*TASK PROMPT*.
Word for word, set down every line of the entries below from the line with "proof (induction k rule: dec_induct)" to the line with "using n by (simp add: nxt_def", including both, and no other line.

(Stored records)
——————————

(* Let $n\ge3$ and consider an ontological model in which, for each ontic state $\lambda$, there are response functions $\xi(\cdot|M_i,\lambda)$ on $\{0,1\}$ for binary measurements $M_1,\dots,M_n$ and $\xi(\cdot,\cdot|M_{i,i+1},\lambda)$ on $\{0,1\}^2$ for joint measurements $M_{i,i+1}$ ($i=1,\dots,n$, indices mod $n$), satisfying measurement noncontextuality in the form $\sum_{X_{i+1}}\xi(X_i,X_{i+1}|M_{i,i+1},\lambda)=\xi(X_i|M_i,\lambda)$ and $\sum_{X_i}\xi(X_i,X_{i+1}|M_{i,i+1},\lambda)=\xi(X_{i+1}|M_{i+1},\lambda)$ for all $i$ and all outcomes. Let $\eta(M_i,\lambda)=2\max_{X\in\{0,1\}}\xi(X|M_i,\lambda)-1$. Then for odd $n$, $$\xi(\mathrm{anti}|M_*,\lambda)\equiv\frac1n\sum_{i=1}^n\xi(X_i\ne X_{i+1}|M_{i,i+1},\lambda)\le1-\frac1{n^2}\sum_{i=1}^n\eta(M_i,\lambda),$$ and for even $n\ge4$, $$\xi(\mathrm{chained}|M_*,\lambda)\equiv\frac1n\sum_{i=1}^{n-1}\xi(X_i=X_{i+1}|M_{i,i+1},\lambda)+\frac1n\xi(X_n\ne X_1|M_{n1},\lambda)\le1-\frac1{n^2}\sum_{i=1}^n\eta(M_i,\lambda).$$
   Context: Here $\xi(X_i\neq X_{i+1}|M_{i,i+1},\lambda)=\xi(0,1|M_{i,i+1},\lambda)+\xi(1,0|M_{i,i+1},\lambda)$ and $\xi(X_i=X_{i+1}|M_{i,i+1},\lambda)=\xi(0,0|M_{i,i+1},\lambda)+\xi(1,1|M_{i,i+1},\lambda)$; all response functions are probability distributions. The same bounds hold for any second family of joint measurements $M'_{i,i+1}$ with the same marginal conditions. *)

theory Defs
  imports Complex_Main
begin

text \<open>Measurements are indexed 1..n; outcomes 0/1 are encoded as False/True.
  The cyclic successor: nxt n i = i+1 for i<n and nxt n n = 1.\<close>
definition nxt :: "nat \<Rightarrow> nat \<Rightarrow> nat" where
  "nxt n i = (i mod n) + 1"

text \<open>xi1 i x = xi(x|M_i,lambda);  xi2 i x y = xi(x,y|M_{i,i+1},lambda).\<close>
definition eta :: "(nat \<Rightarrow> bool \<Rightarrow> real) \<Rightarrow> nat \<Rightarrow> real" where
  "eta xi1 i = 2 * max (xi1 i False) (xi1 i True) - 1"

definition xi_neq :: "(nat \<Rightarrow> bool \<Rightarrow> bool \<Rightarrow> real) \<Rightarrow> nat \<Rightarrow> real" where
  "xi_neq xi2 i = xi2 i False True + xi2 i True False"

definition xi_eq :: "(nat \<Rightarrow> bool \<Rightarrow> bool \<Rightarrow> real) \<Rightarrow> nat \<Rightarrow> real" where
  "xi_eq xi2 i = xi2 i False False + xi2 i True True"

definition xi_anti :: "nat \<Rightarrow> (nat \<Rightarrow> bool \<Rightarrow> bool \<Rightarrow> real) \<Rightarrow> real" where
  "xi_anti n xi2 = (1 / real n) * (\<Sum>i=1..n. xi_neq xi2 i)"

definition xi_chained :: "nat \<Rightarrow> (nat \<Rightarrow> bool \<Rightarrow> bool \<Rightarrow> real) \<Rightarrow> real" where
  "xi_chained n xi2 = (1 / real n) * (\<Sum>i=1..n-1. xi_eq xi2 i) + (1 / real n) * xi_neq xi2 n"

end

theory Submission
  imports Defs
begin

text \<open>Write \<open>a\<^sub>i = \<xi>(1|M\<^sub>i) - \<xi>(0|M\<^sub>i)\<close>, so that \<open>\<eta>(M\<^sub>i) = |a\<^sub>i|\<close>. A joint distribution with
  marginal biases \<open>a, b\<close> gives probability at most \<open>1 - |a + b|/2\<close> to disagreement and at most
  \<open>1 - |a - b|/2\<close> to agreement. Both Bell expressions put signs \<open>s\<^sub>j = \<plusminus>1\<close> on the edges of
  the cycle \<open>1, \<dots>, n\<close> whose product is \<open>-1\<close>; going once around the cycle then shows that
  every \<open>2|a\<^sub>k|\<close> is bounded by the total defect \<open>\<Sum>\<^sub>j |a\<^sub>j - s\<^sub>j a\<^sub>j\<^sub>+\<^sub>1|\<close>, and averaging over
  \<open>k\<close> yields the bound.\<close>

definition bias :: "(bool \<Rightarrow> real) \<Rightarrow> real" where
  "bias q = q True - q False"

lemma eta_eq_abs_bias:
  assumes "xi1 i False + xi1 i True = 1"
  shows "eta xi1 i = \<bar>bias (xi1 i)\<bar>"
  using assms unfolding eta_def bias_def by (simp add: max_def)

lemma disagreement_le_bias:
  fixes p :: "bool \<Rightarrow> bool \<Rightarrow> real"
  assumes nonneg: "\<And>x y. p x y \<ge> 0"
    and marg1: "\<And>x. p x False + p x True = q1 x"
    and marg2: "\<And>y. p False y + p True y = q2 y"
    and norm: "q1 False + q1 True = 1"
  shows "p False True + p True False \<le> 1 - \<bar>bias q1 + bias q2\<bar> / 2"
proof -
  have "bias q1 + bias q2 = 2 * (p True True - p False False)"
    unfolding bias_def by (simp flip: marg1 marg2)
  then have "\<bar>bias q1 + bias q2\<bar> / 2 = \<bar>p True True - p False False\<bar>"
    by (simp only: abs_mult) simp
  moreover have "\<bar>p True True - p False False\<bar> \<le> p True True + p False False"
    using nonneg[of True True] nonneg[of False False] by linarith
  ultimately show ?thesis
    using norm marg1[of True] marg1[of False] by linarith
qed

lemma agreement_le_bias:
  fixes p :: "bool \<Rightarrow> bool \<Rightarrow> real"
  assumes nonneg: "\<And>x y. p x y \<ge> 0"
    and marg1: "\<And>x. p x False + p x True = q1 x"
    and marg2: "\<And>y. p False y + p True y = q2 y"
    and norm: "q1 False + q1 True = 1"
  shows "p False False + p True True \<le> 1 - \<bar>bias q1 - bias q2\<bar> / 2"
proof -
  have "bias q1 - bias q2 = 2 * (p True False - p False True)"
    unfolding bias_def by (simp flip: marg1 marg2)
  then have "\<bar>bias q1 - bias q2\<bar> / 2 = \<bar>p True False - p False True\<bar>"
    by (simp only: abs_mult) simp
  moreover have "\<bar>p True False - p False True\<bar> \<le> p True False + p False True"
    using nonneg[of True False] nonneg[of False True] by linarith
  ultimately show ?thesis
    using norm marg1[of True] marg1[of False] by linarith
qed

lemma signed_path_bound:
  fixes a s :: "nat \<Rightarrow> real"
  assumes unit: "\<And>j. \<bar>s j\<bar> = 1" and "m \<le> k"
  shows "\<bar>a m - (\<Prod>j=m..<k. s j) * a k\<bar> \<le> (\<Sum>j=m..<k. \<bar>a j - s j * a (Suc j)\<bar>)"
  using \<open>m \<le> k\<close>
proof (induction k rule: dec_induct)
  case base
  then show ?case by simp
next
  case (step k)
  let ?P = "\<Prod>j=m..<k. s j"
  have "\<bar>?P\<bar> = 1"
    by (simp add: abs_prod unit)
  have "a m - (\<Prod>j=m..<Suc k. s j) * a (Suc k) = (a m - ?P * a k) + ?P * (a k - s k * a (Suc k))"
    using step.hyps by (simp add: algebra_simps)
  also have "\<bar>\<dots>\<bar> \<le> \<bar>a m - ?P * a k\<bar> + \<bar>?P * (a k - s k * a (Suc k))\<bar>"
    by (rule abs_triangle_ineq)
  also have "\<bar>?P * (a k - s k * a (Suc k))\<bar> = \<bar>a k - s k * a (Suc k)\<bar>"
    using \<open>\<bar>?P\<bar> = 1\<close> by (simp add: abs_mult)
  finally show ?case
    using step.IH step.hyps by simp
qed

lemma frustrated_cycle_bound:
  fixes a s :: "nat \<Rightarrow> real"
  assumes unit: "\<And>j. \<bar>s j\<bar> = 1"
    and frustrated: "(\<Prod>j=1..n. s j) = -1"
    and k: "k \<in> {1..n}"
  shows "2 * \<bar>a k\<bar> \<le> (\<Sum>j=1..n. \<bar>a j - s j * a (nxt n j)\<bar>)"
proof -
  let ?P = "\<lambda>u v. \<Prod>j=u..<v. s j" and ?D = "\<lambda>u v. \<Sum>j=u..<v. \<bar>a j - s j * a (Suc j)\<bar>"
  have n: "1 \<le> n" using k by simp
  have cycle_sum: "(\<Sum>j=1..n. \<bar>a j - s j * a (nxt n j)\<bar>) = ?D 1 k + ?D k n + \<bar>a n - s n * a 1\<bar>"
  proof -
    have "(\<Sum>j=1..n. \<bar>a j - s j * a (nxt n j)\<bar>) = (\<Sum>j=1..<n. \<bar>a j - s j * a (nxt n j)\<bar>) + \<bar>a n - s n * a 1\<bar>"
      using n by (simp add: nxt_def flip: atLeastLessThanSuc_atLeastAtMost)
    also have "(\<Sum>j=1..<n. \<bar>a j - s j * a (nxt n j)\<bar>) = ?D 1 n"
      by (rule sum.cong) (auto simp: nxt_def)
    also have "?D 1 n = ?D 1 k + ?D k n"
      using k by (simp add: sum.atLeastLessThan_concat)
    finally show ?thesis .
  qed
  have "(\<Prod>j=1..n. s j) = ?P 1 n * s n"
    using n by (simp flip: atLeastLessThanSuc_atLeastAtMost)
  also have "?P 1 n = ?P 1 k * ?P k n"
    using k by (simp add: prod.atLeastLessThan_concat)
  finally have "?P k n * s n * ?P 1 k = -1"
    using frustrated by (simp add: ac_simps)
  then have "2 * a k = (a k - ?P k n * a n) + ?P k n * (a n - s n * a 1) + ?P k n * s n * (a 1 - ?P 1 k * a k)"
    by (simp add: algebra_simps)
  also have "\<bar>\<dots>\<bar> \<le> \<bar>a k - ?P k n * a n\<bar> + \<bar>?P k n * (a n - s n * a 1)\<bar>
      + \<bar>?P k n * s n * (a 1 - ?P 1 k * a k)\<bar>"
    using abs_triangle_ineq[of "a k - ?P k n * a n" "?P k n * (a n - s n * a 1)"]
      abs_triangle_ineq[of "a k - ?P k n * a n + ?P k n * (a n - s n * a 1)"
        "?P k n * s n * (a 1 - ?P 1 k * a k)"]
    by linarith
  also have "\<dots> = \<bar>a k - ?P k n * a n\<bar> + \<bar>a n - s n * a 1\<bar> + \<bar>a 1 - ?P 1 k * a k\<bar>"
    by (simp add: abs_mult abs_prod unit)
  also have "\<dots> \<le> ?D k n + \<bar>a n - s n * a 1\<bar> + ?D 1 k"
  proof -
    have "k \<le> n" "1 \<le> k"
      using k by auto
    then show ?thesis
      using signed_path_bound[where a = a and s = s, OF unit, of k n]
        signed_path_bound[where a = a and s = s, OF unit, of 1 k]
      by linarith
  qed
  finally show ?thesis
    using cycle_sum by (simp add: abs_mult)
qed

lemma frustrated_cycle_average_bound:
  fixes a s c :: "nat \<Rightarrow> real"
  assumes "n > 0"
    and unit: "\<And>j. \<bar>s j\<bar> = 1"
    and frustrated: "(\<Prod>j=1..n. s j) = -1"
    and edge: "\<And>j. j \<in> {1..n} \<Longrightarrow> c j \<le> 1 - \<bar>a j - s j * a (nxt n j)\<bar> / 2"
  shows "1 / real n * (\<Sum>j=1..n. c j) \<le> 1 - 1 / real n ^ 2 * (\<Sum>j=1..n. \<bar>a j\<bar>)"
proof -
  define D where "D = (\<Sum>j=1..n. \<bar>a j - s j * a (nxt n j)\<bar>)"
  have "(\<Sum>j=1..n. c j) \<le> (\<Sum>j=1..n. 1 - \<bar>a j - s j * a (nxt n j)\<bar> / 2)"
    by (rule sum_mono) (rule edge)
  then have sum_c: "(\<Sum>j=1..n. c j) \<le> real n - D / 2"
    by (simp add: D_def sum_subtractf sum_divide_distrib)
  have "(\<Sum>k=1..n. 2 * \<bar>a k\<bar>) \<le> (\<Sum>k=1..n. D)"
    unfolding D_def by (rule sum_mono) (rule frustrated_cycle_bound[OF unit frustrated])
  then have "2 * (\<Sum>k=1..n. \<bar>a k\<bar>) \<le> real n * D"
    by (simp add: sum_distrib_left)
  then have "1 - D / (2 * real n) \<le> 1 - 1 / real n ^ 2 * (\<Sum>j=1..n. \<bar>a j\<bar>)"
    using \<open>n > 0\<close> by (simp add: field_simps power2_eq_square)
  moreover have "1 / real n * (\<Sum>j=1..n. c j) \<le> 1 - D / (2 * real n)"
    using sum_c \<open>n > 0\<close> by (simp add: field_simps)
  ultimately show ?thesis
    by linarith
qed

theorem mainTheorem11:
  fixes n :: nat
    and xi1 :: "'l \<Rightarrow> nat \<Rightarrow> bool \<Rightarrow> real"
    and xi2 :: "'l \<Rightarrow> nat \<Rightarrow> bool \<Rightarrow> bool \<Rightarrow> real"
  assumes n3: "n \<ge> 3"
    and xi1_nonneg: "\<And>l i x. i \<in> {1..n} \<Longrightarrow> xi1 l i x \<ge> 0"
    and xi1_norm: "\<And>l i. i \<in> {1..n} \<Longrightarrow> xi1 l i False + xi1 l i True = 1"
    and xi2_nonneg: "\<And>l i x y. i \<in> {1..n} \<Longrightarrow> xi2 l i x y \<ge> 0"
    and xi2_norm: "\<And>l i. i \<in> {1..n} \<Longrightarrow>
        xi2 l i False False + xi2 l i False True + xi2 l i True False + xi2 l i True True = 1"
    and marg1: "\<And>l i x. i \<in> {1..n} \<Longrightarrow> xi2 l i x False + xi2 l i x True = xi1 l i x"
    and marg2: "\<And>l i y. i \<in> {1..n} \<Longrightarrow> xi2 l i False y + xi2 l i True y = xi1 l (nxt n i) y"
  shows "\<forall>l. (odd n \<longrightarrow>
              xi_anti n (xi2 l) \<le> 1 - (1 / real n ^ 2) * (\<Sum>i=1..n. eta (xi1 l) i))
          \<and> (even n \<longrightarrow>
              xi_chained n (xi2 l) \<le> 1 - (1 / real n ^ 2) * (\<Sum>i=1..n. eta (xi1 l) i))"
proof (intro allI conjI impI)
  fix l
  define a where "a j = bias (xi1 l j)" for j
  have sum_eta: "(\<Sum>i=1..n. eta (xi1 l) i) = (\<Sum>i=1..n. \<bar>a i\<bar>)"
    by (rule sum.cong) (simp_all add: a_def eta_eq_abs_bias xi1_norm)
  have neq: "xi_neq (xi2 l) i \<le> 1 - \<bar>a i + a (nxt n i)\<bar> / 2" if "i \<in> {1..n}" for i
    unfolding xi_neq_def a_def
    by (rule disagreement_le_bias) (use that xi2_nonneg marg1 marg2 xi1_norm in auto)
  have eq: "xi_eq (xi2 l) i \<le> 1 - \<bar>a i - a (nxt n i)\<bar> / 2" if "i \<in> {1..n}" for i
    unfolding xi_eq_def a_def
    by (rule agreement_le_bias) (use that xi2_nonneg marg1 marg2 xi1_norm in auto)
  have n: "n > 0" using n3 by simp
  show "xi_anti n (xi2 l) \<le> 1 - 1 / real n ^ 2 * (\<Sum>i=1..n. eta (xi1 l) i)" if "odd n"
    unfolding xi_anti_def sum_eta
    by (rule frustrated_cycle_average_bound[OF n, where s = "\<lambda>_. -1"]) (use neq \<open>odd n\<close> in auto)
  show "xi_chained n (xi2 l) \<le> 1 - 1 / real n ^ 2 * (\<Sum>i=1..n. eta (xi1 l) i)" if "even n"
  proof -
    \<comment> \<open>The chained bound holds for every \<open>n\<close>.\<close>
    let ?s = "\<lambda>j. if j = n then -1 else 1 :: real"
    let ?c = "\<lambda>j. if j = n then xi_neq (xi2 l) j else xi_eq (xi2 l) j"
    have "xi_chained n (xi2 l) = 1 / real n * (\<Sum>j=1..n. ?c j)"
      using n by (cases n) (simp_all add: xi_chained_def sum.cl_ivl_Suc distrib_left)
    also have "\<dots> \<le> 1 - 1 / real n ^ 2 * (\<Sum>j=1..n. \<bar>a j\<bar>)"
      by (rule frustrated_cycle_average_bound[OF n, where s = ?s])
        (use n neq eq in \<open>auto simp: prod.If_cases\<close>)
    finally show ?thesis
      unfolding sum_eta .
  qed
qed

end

——————————

*TASK ANSWER*.
proof (induction k rule: dec_induct)
  case base
  then show ?case by simp
next
  case (step k)
  let ?P = "\<Prod>j=m..<k. s j"
  have "\<bar>?P\<bar> = 1"
    by (simp add: abs_prod unit)
  have "a m - (\<Prod>j=m..<Suc k. s j) * a (Suc k) = (a m - ?P * a k) + ?P * (a k - s k * a (Suc k))"
    using step.hyps by (simp add: algebra_simps)
  also have "\<bar>\<dots>\<bar> \<le> \<bar>a m - ?P * a k\<bar> + \<bar>?P * (a k - s k * a (Suc k))\<bar>"
    by (rule abs_triangle_ineq)
  also have "\<bar>?P * (a k - s k * a (Suc k))\<bar> = \<bar>a k - s k * a (Suc k)\<bar>"
    using \<open>\<bar>?P\<bar> = 1\<close> by (simp add: abs_mult)
  finally show ?case
    using step.IH step.hyps by simp
qed

lemma frustrated_cycle_bound:
  fixes a s :: "nat \<Rightarrow> real"
  assumes unit: "\<And>j. \<bar>s j\<bar> = 1"
    and frustrated: "(\<Prod>j=1..n. s j) = -1"
    and k: "k \<in> {1..n}"
  shows "2 * \<bar>a k\<bar> \<le> (\<Sum>j=1..n. \<bar>a j - s j * a (nxt n j)\<bar>)"
proof -
  let ?P = "\<lambda>u v. \<Prod>j=u..<v. s j" and ?D = "\<lambda>u v. \<Sum>j=u..<v. \<bar>a j - s j * a (Suc j)\<bar>"
  have n: "1 \<le> n" using k by simp
  have cycle_sum: "(\<Sum>j=1..n. \<bar>a j - s j * a (nxt n j)\<bar>) = ?D 1 k + ?D k n + \<bar>a n - s n * a 1\<bar>"
  proof -
    have "(\<Sum>j=1..n. \<bar>a j - s j * a (nxt n j)\<bar>) = (\<Sum>j=1..<n. \<bar>a j - s j * a (nxt n j)\<bar>) + \<bar>a n - s n * a 1\<bar>"
      using n by (simp add: nxt_def flip: atLeastLessThanSuc_atLeastAtMost)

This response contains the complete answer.